# Work order:
When you reach the line containing "(\<forall>x. gmul x" in the entries below, begin reproducing lines exactly, and stop once the line containing "(\<forall>b\<in>Basis. nu b > 0) \<and>" is done.

══ Records for the exercise

(* Let $\mathbb{G}$ be a homogeneous group of homogeneous dimension $Q\geq3$ and $|\cdot|$ a homogeneous quasi-norm. Let $2\leq p<Q$ and $-\infty<\alpha<\frac{Q-p}{p}$. Set $f_\alpha(x)=|x|^{-\frac{Q-p-\alpha p}{p}}$ and, for $R>0$ and functions $u,v$ for which the integral is finite, $$d_R(u,v)=\left(\int_{\mathbb{G}}\frac{|u(x)-v(x)|^p}{\left|\log\frac{R}{|x|}\right|^p|x|^{(\alpha+1)p}}dx\right)^{1/p}.$$ Then for every radial $f\in C_0^\infty(\mathbb{G}\setminus\{0\})$, written $f(x)=\tilde f(|x|)$, $$\int_{\mathbb{G}}\frac{|\mathcal{R}f|^p}{|x|^{\alpha p}}dx-\left(\frac{Q-p-\alpha p}{p}\right)^p\int_{\mathbb{G}}\frac{|f|^p}{|x|^{(\alpha+1)p}}dx\geq c_p\left(\frac{p-1}{p}\right)^p\sup_{R>0}d_R\big(f,c_f(R)f_\alpha\big)^p,$$ where $c_f(R)=R^{\frac{Q-p-\alpha p}{p}}\tilde f(R)$ and $c_p=\min_{0<t\leq1/2}\left((1-t)^p-t^p+pt^{p-1}\right)$.
   Context: A homogeneous group is a connected simply connected Lie group $\mathbb{G}$ with dilations $x\mapsto\lambda x$ induced by $D_\lambda=\mathrm{Exp}(A\ln\lambda)$ on its Lie algebra ($A$ diagonalisable with positive eigenvalues, $D_\lambda$ Lie algebra automorphisms), and homogeneous dimension $Q=\mathrm{Tr}\,A$. A homogeneous quasi-norm is a continuous nonnegative function $|\cdot|$, vanishing only at $0$, with $|x^{-1}|=|x|$, $|\lambda x|=\lambda|x|$. A function is radial if it depends only on $|x|$. Writing $x=ry$, $r=|x|$, $|y|=1$, the radial derivative is $\mathcal{R}f(x)=\frac{d}{dr}f(ry)$. Integrals are with respect to Haar measure. *)

theory Defs
  imports "HOL-Analysis.Analysis"
begin

text \<open>A homogeneous group is modelled in exponential coordinates on a Euclidean
space 'a (identified with its Lie algebra via Exp): identity 0, inverse uminus,
group law gmul, dilations diagonal in the basis Basis with positive weights nu,
so that the dilation matrix A = diag(nu) and Q = Tr A.\<close>

definition dil :: "('a::euclidean_space \<Rightarrow> real) \<Rightarrow> real \<Rightarrow> 'a \<Rightarrow> 'a" where
  "dil nu l x = (\<Sum>b\<in>Basis. (l powr nu b * (x \<bullet> b)) *\<^sub>R b)"

definition hom_dim :: "('a::euclidean_space \<Rightarrow> real) \<Rightarrow> real" where
  "hom_dim nu = (\<Sum>b\<in>(Basis::'a set). nu b)"

definition homogeneous_group :: "('a::euclidean_space \<Rightarrow> 'a \<Rightarrow> 'a) \<Rightarrow> ('a \<Rightarrow> real) \<Rightarrow> bool" where
  "homogeneous_group gmul nu \<longleftrightarrow>
     (\<forall>x y z. gmul (gmul x y) z = gmul x (gmul y z)) \<and>
     (\<forall>x. gmul 0 x = x \<and> gmul x 0 = x) \<and>
     (\<forall>x. gmul x (- x) = 0 \<and> gmul (- x) x = 0) \<and>
     continuous_on UNIV (\<lambda>(x, y). gmul x y) \<and>
     (\<forall>b\<in>Basis. nu b > 0) \<and>
     (\<forall>l>0. \<forall>x y. dil nu l (gmul x y) = gmul (dil nu l x) (dil nu l y)) \<and>
     (\<forall>x. distr lborel lborel (gmul x) = lborel)"

definition hom_quasi_norm :: "('a::euclidean_space \<Rightarrow> real) \<Rightarrow> ('a \<Rightarrow> real) \<Rightarrow> bool" where
  "hom_quasi_norm nu N \<longleftrightarrow>
     continuous_on UNIV N \<and> (\<forall>x. N x \<ge> 0) \<and> (\<forall>x. N x = 0 \<longleftrightarrow> x = 0) \<and>
     (\<forall>x. N (- x) = N x) \<and> (\<forall>l>0. \<forall>x. N (dil nu l x) = l * N x)"

text \<open>Radial derivative: writing x = r y with r = N x, N y = 1, R f x = d/dr f(r y).\<close>
definition radial_deriv :: "('a::euclidean_space \<Rightarrow> real) \<Rightarrow> ('a \<Rightarrow> real) \<Rightarrow> ('a \<Rightarrow> real) \<Rightarrow> 'a \<Rightarrow> real" where
  "radial_deriv nu N f x =
     (if x = 0 then 0 else deriv (\<lambda>r. f (dil nu r (dil nu (1 / N x) x))) (N x))"
lemma stationary_minimal_if_D_nondeg:
  fixes Am :: "'d::finite \<Rightarrow> complex^'n^'n"
  assumes herm: "\<And>j. hermitian (Am j)"
    and X_small: "mat_onorm (Xsol Am a b) < 1"
    and D: "D_nondeg Am a b"
  shows "\<exists>V. stationary_minimal Am a b V"
proof -
  define X where "X = Xsol Am a b"
  define Ai where "Ai = matrix_inv (Amat Am a b)"
  obtain V where V: "det (\<chi> j s. Re (\<Sum>r. hprod (matpow X r *v V)
      ((Am j ** Ai ** Am s ** matpow X r) *v V))) \<noteq> 0"
    using D unfolding D_nondeg_def Let_def X_def Ai_def by blast
  define f where
    "f j s r = hprod (matpow X r *v V) ((Am j ** Ai ** Am s ** matpow X r) *v V)" for j s r
  define Mt where "Mt = (\<chi> j s. Re (suminf (f j s)))"
  have "invertible Mt"
    using V unfolding invertible_det_nz Mt_def f_def .
  have "stationary_minimal Am a b V"
    unfolding stationary_minimal_def Let_def X_def[symmetric]
  proof (intro allI impI)
    fix lam :: "real^'d"
    assume "\<forall>k. (\<Sum>j\<in>UNIV. cscale (of_real (lam$j)) (Am j)) *v (matpow X k *v V) = 0"
    note annihilated = this[rule_format]
    have terms_vanish: "(\<Sum>j\<in>UNIV. lam$j * Re (f j s r)) = 0" for s r
    proof -
      define u where "u = Ai *v (Am s *v (matpow X r *v V))"
      have "(\<Sum>j\<in>UNIV. lam$j * Re (f j s r)) =
          Re (\<Sum>j\<in>UNIV. of_real (lam$j) * hprod (matpow X r *v V) (Am j *v u))"
        by (simp add: f_def u_def matrix_vector_mul_assoc[symmetric] Re_sum)
      also have "\<dots> =
          Re (hprod ((\<Sum>j\<in>UNIV. cscale (of_real (lam$j)) (Am j)) *v (matpow X r *v V)) u)"
        by (simp add: hprod_real_lincomb_hermitian[of Am, OF herm])
      finally show ?thesis
        by (simp add: annihilated hprod_def)
    qed
    have "(\<lambda>r. \<Sum>j\<in>UNIV. lam$j * Re (f j s r)) sums (\<Sum>j\<in>UNIV. lam$j * Mt$j$s)" for s
      unfolding Mt_def f_def
      by (auto intro!: sums_sum sums_mult sums_Re summable_sums summable_hprod_matpow
          X_small[folded X_def])
    then have "(\<Sum>j\<in>UNIV. lam$j * Mt$j$s) = 0" for s
      unfolding terms_vanish using sums_unique2 sums_zero by blast
    then have "lam v* Mt = 0"
      by (simp add: vec_eq_iff vector_matrix_mult_def mult.commute)
    then show "lam = 0"
      by (rule invertible_vector_matrix_mult_eq_0[OF \<open>invertible Mt\<close>])
  qed
  then show ?thesis ..
qed

lemma norm_Pmat_le: "norm (Pmat Am a) \<le> norm a * (\<Sum>j\<in>UNIV. norm (Am j))"
proof -
  have "norm (Pmat Am a) \<le> (\<Sum>j\<in>UNIV. cmod (a$j) * norm (Am j))"
    unfolding Pmat_def by (rule norm_cscale_sum_le)
  also have "\<dots> \<le> (\<Sum>j\<in>UNIV. norm a * norm (Am j))"
    by (intro sum_mono mult_right_mono Finite_Cartesian_Product.norm_nth_le) simp
  finally show ?thesis
    by (simp add: sum_distrib_left)
qed

lemma norm_Amat_diff_le:
  "norm (Amat Am a b - (\<Sum>j\<in>UNIV. cscale (of_real (b$j)) (Am j)))
    \<le> 2 * norm a * (\<Sum>j\<in>UNIV. norm (Am j))"
proof -
  have "Amat Am a b - (\<Sum>j\<in>UNIV. cscale (of_real (b$j)) (Am j)) =
      (\<Sum>j\<in>UNIV. cscale (- (a$j + cnj (a$j))) (Am j))"
    unfolding Amat_def
    by (simp add: sum_subtractf[symmetric] cscale_def vec_eq_iff sum_component algebra_simps)
  also have "norm \<dots> \<le> (\<Sum>j\<in>UNIV. cmod (- (a$j + cnj (a$j))) * norm (Am j))"
    by (rule norm_cscale_sum_le)
  also have "\<dots> \<le> (\<Sum>j\<in>UNIV. 2 * norm a * norm (Am j))"
  proof (intro sum_mono mult_right_mono)
    fix j
    have "cmod (- (a$j + cnj (a$j))) \<le> cmod (a$j) + cmod (cnj (a$j))"
      unfolding norm_minus_cancel by (rule norm_triangle_ineq)
    then show "cmod (- (a$j + cnj (a$j))) \<le> 2 * norm a"
      using Finite_Cartesian_Product.norm_nth_le[of a j] by simp
  qed simp
  finally show ?thesis
    by (simp add: sum_distrib_left)
qed

lemma mat_onorm_Xsol_less_1:
  fixes Am :: "'d::finite \<Rightarrow> complex^'n^'n" and b :: "real^'d"
  assumes binv: "invertible (\<Sum>j\<in>UNIV. cscale (complex_of_real (b$j)) (Am j))"
  shows "\<exists>\<epsilon>>0. \<forall>a. norm a < \<epsilon> \<longrightarrow> mat_onorm (Xsol Am a b) < 1"
proof -
  define B where "B = (\<Sum>j\<in>UNIV. cscale (complex_of_real (b$j)) (Am j))"
  define \<kappa> where "\<kappa> = norm (matrix_inv B) * (\<Sum>j\<in>UNIV. norm (Am j))"
  have "0 \<le> \<kappa>"
    unfolding \<kappa>_def by (simp add: sum_nonneg)
  show ?thesis
  proof (intro exI[of _ "1 / (10 * (\<kappa> + 1))"] conjI allI impI)
    show "0 < 1 / (10 * (\<kappa> + 1))"
      using \<open>0 \<le> \<kappa>\<close> by simp
    fix a :: "complex^'d"
    assume a: "norm a < 1 / (10 * (\<kappa> + 1))"
    have "norm (matrix_inv B) *
          (norm (Amat Am a b - B) + 2 * norm (Pmat Am a) + norm (ctrans (Pmat Am a)))
        \<le> norm (matrix_inv B) * (5 * norm a * (\<Sum>j\<in>UNIV. norm (Am j)))"
      using norm_Amat_diff_le[of Am a b] norm_Pmat_le[of Am a] unfolding B_def
      by (intro mult_left_mono) auto
    also have "\<dots> = 5 * (\<kappa> * norm a)"
      unfolding \<kappa>_def by simp
    also have "\<dots> \<le> 1/2"
    proof -
      have "\<kappa> * norm a \<le> (\<kappa> + 1) * norm a"
        by (simp add: mult_right_mono)
      also have "\<dots> \<le> 1/10"
        using a \<open>0 \<le> \<kappa>\<close> by (simp add: field_simps)
      finally show ?thesis by simp
    qed
    finally have "\<exists>!X. mat_onorm X < 1 \<and>
        Pmat Am a ** X ** X + Amat Am a b ** X + ctrans (Pmat Am a) = 0"
      by (rule quadratic_matrix_equation_unique_solution[OF binv[folded B_def]])
    then show "mat_onorm (Xsol Am a b) < 1"
      unfolding Xsol_def by (rule theI'[THEN conjunct1])
  qed
qed

theorem lemma4p7:
  fixes Am :: "'d::finite \<Rightarrow> complex^'n^'n" and b :: "real^'d"
  assumes herm: "\<And>j. hermitian (Am j)"
    and sLnd: "strongly_Levi_nondeg Am"
    and binv: "invertible (\<Sum>j\<in>UNIV. cscale (complex_of_real (b$j)) (Am j))"
  shows "\<exists>\<epsilon>>0. \<forall>a::complex^'d. norm a < \<epsilon> \<longrightarrow> D_nondeg Am a b \<longrightarrow>
           (\<exists>V::complex^'n. stationary_minimal Am a b V)"
  using mat_onorm_Xsol_less_1[OF binv] stationary_minimal_if_D_nondeg[of Am, OF herm] by blast

end
(* Let $G$ be a BDH graph with color classes $X,Y$, with at least three vertices and no universal vertex. Then $x\in X$ is a cut-vertex of $G$ if and only if $(\{x\},N(x))\in\mathcal{B}(G)$. Analogously, $y\in Y$ is a cut-vertex of $G$ if and only if $(N(y),\{y\})\in\mathcal{B}(G)$.
   Context: A biclique of a bipartite graph is written as the pair $(U,W)$ of its shores, $U\subseteq X$, $W\subseteq Y$, with every vertex of $U$ adjacent to every vertex of $W$; $\mathcal{B}(G)$ is the set of inclusion-wise maximal bicliques. A graph is distance hereditary if distances in every connected induced subgraph equal distances in the graph; BDH means bipartite distance hereditary (equivalently: bipartite, no induced chordless cycle of length $\ge 6$, no induced domino, where a domino is $C_6$ plus a chord between antipodal vertices). A universal vertex is adjacent to all vertices of the opposite color class. *)

theory Defs
  imports Main
begin

definition graph :: "'a set \<Rightarrow> ('a \<Rightarrow> 'a \<Rightarrow> bool) \<Rightarrow> bool" where
  "graph V E \<longleftrightarrow> finite V \<and> (\<forall>u v. E u v \<longrightarrow> u \<in> V \<and> v \<in> V \<and> E v u \<and> u \<noteq> v)"

definition bipartite :: "'a set \<Rightarrow> ('a \<Rightarrow> 'a \<Rightarrow> bool) \<Rightarrow> 'a set \<Rightarrow> 'a set \<Rightarrow> bool" where
  "bipartite V E X Y \<longleftrightarrow> graph V E \<and> X \<inter> Y = {} \<and> X \<union> Y = V \<and>
     (\<forall>u v. E u v \<longrightarrow> (u \<in> X \<and> v \<in> Y) \<or> (u \<in> Y \<and> v \<in> X))"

════

# Exercise output:
     (\<forall>x. gmul x (- x) = 0 \<and> gmul (- x) x = 0) \<and>
     continuous_on UNIV (\<lambda>(x, y). gmul x y) \<and>
     (\<forall>b\<in>Basis. nu b > 0) \<and>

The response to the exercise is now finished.